Although the yearly production performance exceeded the top-line guidance, which, demonstrating the company’s exceptional capability to stand the test during the fast-changing market environment, the heightened concern is that all these headwinds are going to stay and elevate in the coming years.


Even though the mining business has been proud of its industry-leading cost position, its C1 cost has climbed up 14% from the previous year, from US$13.93 to US $15.91. This was due to the rising diesel costs, labor rates and other consumables. Based on the Q4 result, the C1 cost is anticipated to keep moving up to US$18.00 – US$18.75/wmt for the next 12 months.

Global Demand

The second and most worrying headwind is the demand. The deteriorated demand outlook on iron ore has been repeatedly highlighted by other industry giants like BHP and Rio Tinto. In BHP’s recent annual report, the world’s largest miner warned that “In the medium term, (the major importer) China’s demand for iron ore is expected to be lower than it is today as crude steel production plateaus, and the scrap-to-steel ratio rises. ”
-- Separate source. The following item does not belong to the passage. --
(* Let $A,B$ be anti-Hermitian $D\times D$ complex matrices with $\|A\|_F<\Delta$ and $\|B\|_F<\Delta$, where $\Delta$ is the constant defined below. Then $$\|M(A,B)\|_F^2\le 2\|A\|_F^2+2\|B\|_F^2-\|A-B\|_F^2 .$$
   Context: Frobenius norm $\|X\|_F=\sqrt{\operatorname{tr}X^\dagger X}$; $\operatorname{ad}(X)(Y)=[X,Y]=XY-YX$, and $\|\operatorname{ad}(X)\|_{\mathrm{op}}=\sup_{Y\ne0}\|[X,Y]\|_F/\|Y\|_F$. For $n\ge0$ and $\vec c=(c_1,\dots,c_n)\in\{0,1\}^n$ (with $n=0$ the empty string $\varnothing$), write $X_0=A$, $X_1=B$, and $w_{\vec c}(A,B)=X_{c_1}X_{c_2}\cdots X_{c_n}$. Real numbers $f(\vec c)$ are defined as the coefficients in the formal power series identity in non-commuting variables $A,B$: $\sum_{k=1}^\infty\frac{(-1)^{k-1}}{k}\big(e^Ae^B-I\big)^{k-1}=\sum_{n\ge0}\sum_{\vec c\in\{0,1\}^n}f(\vec c)\,w_{\vec c}(A,B)$, where $e^A=\sum_j A^j/j!$. For $\vec c\in\{0,1\}^n$ define $g(\vec c)$ by $(n+2)g(\vec c)=-f(c_1,\dots,c_n,1)-(-1)^nf(1-c_1,\dots,1-c_n,1)$, and $h(\vec c)=2g(1,c_1,\dots,c_n)-2g(0,c_1,\dots,c_n)+\sum_{m=0}^n(-1)^m g(c_m,c_{m-1},\dots,c_1)\,g(c_{m+1},\dots,c_n)$. (E.g. $g(\varnothing)=\tfrac12$, $g(0)=\tfrac1{12}$, $g(1)=-\tfrac1{12}$, $h(\varnothing)=-\tfrac1{12}$.) Let $\operatorname{ad}_{\vec c}=\operatorname{ad}(X_{c_1})\circ\cdots\circ\operatorname{ad}(X_{c_n})$ (identity for $n=0$). When $\|\operatorname{ad}(A)\|_{\mathrm{op}}+\|\operatorname{ad}(B)\|_{\mathrm{op}}<\log2$, define $M(A,B)=A+B+\sum_{n\ge0}\sum_{\vec c\in\{0,1\}^n}g(\vec c)\operatorname{ad}_{\vec c}([A,B])=A+B+\tfrac12[A,B]+\tfrac1{12}([A,[A,B]]+[B,[B,A]])+\cdots$ (the series converges absolutely there). Finally $\delta=\min\Big(\tfrac1{12}\big(\sum_{n\ge1}\sum_{\vec c\in\{0,1\}^n}|h(\vec c)|(\tfrac{\log2}{3})^n\big)^{-1},\,1\Big)>0$ and $\Delta=\min\big(\tfrac{\log2}{6}\delta,\ \tfrac14\log2\big)$. *)

theory Defs
  imports "HOL-Analysis.Analysis"
begin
In fact, not only the demand from China looks dim. Many countries worldwide are on the way or already in the throes of a slowing-down economy, including the heavy-weighted nations like US, UK and Europe, which would inevitably lead to a shrinking demand for industrial commodities.

FY23 outlook

Looking ahead, Fortescue has revealed its FY23 guidance to the market. In the new financial year, the company is expected to keep improving its iron ore shipments, but with a mild pace: yearly shipment is looking at the range from 187 to 192mt, representing a merely 1.5% increase from the past financial year.


Fortescue is well known as one of the most generous dividend payers on the ASX. The ASX mining share’s policy is to have a dividend payout ratio between 50% and 80% of full-year net profit after tax (NPAT).

In the FY22 half-year, FMG paid a fully-franked interim dividend of 86 cents per share. That represented a dividend payout ratio of 70% of the FY22 half-year net profit. For the previous financial year, FMG returned to its shareholder with $3.58 per share, representing an enviable dividend yield of more than 16%.

Fortescue Metals Group Share price and Technical Analysis:

Since entering 2022, the FMG’s share price has been struggling to stay above the psychological $20 barrier. In July, Fortescue shares once tumbled to a year-to-date low of $16.24 before ticking up a notch. Currently, Fortescue has a relatively low price-to-earnings (P/E) ratio of 4.49 compared to BHP at 7.18x and RIO at 5.4x.

Based on the daily chart, the price encountered a massive hurdle from the previous price gap between $18.9 and $19.5. Only a breakthrough from this gap could unlock the opportunity to retest the 61.8% Fibonacci retracement and move towards the $20 level. On the flip side, the 20-day moving average can be considered as the imminent support if the price retreats.